[Data extracted from a collection]
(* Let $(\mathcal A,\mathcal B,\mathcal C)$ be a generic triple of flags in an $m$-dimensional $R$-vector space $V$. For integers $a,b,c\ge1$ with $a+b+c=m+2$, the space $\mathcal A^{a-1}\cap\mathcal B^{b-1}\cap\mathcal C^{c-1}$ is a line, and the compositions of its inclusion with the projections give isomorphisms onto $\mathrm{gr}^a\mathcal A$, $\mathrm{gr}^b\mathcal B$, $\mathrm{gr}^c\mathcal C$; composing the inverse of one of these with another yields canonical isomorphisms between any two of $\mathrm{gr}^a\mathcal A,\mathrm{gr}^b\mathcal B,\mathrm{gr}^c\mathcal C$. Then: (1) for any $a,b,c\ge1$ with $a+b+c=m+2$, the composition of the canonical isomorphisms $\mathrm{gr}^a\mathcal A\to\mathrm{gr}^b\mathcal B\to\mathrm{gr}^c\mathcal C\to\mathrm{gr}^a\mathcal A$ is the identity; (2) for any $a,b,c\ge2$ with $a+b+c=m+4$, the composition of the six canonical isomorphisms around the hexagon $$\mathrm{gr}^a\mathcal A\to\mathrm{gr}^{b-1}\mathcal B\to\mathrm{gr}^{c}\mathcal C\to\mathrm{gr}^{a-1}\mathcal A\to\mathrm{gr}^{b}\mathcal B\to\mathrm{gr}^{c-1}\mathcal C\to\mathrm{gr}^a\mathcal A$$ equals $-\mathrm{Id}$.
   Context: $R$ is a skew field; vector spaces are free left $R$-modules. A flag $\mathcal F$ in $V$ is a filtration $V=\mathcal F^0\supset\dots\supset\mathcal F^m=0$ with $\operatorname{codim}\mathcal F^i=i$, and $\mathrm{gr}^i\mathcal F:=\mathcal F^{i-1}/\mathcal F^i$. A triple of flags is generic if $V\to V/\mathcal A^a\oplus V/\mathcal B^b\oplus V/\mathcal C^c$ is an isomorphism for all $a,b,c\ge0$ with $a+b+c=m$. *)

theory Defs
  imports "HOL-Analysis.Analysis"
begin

* * *

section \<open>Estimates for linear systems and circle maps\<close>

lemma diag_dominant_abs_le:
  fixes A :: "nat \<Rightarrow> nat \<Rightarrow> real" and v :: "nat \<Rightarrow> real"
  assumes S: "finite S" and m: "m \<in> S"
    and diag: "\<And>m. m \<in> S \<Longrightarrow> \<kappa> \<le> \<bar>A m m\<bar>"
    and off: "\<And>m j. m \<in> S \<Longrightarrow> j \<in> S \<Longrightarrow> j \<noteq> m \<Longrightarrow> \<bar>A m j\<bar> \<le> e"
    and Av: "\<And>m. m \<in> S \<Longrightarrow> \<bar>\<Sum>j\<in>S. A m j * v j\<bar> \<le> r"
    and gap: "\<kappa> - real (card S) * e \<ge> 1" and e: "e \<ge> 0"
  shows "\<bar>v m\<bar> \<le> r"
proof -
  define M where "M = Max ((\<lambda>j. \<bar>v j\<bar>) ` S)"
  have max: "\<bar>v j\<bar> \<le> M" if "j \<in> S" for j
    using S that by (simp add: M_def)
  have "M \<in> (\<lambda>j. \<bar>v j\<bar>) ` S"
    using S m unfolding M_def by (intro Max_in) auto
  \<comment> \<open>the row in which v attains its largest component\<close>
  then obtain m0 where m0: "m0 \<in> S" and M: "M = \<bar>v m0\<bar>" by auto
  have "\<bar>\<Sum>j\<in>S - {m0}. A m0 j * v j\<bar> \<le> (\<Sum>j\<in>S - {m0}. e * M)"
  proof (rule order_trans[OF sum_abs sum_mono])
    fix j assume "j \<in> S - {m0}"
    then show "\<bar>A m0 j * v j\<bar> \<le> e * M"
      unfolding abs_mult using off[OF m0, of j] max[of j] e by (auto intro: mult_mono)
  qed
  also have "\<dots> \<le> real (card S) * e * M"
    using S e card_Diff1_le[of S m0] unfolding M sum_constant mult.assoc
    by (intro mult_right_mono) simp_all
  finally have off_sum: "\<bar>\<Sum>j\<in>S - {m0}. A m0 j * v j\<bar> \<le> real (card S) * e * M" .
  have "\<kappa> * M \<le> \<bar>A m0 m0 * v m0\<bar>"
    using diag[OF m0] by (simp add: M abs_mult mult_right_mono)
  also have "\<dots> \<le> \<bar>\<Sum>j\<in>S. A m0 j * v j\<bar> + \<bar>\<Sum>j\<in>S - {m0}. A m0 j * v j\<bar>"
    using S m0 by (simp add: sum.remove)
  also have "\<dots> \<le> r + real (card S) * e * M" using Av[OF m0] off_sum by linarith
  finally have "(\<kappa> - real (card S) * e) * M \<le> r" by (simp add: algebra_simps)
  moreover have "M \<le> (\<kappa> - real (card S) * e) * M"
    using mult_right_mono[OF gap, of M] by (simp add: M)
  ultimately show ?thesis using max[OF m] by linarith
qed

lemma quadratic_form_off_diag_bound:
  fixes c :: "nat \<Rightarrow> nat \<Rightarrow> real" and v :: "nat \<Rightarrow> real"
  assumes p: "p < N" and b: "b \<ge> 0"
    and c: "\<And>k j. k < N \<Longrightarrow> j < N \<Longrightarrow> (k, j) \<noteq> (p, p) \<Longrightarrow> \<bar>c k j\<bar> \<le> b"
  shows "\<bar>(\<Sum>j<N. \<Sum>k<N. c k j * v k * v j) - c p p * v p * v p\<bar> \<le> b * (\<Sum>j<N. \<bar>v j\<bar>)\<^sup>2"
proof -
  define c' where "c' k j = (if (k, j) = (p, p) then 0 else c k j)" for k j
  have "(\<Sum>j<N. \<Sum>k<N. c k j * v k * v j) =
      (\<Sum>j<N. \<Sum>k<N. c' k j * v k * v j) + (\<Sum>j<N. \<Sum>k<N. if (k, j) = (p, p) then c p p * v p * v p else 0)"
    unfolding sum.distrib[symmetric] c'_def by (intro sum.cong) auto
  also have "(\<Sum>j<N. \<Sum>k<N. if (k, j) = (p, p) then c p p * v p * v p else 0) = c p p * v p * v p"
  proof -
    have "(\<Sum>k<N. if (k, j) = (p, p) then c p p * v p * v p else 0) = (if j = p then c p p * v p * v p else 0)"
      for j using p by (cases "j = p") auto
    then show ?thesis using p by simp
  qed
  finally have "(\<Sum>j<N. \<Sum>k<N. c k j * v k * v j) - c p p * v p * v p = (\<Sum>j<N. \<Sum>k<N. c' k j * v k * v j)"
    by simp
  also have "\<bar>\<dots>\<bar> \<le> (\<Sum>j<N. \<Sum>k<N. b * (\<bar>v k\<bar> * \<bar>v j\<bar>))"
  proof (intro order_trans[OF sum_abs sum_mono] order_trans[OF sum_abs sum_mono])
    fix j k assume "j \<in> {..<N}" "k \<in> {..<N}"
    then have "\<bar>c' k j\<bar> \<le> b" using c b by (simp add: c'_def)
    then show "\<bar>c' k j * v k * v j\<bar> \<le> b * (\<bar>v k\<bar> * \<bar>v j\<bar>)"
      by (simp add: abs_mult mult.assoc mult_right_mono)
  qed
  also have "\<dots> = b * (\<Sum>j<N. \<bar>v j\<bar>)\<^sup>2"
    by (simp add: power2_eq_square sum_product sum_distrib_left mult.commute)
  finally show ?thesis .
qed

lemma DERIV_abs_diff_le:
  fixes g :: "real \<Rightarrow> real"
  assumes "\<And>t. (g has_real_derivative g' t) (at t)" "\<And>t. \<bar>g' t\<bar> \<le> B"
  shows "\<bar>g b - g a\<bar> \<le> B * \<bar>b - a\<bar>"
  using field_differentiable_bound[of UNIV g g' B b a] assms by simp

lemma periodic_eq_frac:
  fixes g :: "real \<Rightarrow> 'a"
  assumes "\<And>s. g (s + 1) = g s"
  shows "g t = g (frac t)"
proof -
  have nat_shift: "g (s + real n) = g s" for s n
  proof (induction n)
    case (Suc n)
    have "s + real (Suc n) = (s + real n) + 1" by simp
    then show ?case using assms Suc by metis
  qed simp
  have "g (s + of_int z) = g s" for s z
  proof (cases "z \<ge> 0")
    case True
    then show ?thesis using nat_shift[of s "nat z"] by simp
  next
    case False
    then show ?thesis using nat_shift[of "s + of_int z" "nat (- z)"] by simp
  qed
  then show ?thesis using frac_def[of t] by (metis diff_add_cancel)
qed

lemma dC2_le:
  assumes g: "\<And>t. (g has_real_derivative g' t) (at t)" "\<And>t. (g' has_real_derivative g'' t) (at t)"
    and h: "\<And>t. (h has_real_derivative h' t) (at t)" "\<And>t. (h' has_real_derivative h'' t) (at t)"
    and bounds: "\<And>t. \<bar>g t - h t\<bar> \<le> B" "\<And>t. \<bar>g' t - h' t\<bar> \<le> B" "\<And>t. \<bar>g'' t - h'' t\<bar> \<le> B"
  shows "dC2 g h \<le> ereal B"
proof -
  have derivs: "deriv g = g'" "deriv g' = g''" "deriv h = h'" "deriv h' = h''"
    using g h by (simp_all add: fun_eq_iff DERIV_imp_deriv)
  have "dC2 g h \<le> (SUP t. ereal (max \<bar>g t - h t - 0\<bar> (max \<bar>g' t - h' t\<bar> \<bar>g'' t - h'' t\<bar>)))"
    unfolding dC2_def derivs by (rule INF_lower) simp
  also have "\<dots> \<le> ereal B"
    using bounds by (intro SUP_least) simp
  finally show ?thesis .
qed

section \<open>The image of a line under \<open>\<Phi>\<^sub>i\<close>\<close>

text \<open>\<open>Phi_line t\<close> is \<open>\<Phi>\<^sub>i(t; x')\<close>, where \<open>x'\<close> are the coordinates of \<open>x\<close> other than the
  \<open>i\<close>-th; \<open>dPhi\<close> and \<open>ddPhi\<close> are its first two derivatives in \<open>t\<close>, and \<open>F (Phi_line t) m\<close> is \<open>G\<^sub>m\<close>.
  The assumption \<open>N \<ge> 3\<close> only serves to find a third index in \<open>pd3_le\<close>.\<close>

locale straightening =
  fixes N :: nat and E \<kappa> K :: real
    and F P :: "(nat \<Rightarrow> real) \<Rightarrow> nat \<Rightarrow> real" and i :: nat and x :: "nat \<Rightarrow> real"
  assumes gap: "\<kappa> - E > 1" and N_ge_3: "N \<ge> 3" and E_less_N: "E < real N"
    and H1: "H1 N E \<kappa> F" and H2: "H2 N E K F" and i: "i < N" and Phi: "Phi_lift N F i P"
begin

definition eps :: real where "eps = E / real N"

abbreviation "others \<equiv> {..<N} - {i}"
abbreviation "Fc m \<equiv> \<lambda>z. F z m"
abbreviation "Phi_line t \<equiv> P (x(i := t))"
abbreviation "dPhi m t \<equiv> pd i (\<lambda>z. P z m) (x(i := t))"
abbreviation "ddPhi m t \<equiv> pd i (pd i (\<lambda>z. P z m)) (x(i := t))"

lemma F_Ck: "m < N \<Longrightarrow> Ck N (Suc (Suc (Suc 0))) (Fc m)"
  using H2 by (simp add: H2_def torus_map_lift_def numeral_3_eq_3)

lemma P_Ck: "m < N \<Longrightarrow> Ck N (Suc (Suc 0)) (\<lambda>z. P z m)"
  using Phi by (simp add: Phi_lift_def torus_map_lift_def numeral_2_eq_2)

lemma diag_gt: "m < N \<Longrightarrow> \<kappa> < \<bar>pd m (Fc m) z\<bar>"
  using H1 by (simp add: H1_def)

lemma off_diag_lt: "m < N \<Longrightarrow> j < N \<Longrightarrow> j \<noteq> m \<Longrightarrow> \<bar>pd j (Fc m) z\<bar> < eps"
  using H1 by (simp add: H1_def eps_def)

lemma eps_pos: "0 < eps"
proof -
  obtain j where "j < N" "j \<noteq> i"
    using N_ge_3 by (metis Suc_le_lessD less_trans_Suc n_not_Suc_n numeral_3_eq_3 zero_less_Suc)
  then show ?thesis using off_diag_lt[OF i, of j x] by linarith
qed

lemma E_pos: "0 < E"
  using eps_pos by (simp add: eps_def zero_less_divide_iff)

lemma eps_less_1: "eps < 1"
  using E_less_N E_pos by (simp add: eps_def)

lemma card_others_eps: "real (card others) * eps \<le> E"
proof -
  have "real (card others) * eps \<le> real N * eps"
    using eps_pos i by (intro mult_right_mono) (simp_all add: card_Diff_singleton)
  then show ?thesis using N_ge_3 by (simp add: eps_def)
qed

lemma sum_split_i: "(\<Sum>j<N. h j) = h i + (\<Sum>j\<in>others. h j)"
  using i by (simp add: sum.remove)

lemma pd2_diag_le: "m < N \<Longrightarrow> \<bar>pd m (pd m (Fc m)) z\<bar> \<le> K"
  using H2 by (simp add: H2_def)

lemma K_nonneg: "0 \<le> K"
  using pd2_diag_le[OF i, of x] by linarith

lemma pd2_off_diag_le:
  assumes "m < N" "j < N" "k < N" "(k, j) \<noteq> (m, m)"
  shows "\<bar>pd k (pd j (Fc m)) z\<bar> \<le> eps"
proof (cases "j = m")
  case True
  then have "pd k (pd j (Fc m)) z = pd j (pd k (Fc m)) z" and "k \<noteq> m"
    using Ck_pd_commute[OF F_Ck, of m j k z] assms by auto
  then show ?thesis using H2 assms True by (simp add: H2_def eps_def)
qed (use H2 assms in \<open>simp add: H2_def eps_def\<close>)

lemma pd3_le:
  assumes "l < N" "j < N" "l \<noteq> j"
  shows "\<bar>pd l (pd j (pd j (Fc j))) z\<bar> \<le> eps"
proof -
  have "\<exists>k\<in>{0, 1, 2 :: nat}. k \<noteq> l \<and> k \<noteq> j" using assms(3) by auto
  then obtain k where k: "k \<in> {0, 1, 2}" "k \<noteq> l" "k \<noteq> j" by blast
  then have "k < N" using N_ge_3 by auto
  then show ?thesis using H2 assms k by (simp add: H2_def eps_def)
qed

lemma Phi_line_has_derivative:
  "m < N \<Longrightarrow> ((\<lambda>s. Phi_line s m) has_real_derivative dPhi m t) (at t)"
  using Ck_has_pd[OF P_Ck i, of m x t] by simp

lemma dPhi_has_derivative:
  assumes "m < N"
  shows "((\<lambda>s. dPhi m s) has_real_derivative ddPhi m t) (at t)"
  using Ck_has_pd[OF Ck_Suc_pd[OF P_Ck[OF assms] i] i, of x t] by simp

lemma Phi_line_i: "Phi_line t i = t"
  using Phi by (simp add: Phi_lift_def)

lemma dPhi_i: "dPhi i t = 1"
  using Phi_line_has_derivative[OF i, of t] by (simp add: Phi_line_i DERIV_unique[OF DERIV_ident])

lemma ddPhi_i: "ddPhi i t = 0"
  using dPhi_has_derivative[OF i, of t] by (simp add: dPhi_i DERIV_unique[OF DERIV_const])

== Exercise objective ==
A word-for-word copy of the lines above from the one with "(s + of_int" through the one with "h \<le> (SUP", inclusive, is the only output wanted.

== Answer ==
  have "g (s + of_int z) = g s" for s z
  proof (cases "z \<ge> 0")
    case True
    then show ?thesis using nat_shift[of s "nat z"] by simp
  next
    case False
    then show ?thesis using nat_shift[of "s + of_int z" "nat (- z)"] by simp
  qed
  then show ?thesis using frac_def[of t] by (metis diff_add_cancel)
qed

lemma dC2_le:
  assumes g: "\<And>t. (g has_real_derivative g' t) (at t)" "\<And>t. (g' has_real_derivative g'' t) (at t)"
    and h: "\<And>t. (h has_real_derivative h' t) (at t)" "\<And>t. (h' has_real_derivative h'' t) (at t)"
    and bounds: "\<And>t. \<bar>g t - h t\<bar> \<le> B" "\<And>t. \<bar>g' t - h' t\<bar> \<le> B" "\<And>t. \<bar>g'' t - h'' t\<bar> \<le> B"
  shows "dC2 g h \<le> ereal B"
proof -
  have derivs: "deriv g = g'" "deriv g' = g''" "deriv h = h'" "deriv h' = h''"
    using g h by (simp_all add: fun_eq_iff DERIV_imp_deriv)
  have "dC2 g h \<le> (SUP t. ereal (max \<bar>g t - h t - 0\<bar> (max \<bar>g' t - h' t\<bar> \<bar>g'' t - h'' t\<bar>)))"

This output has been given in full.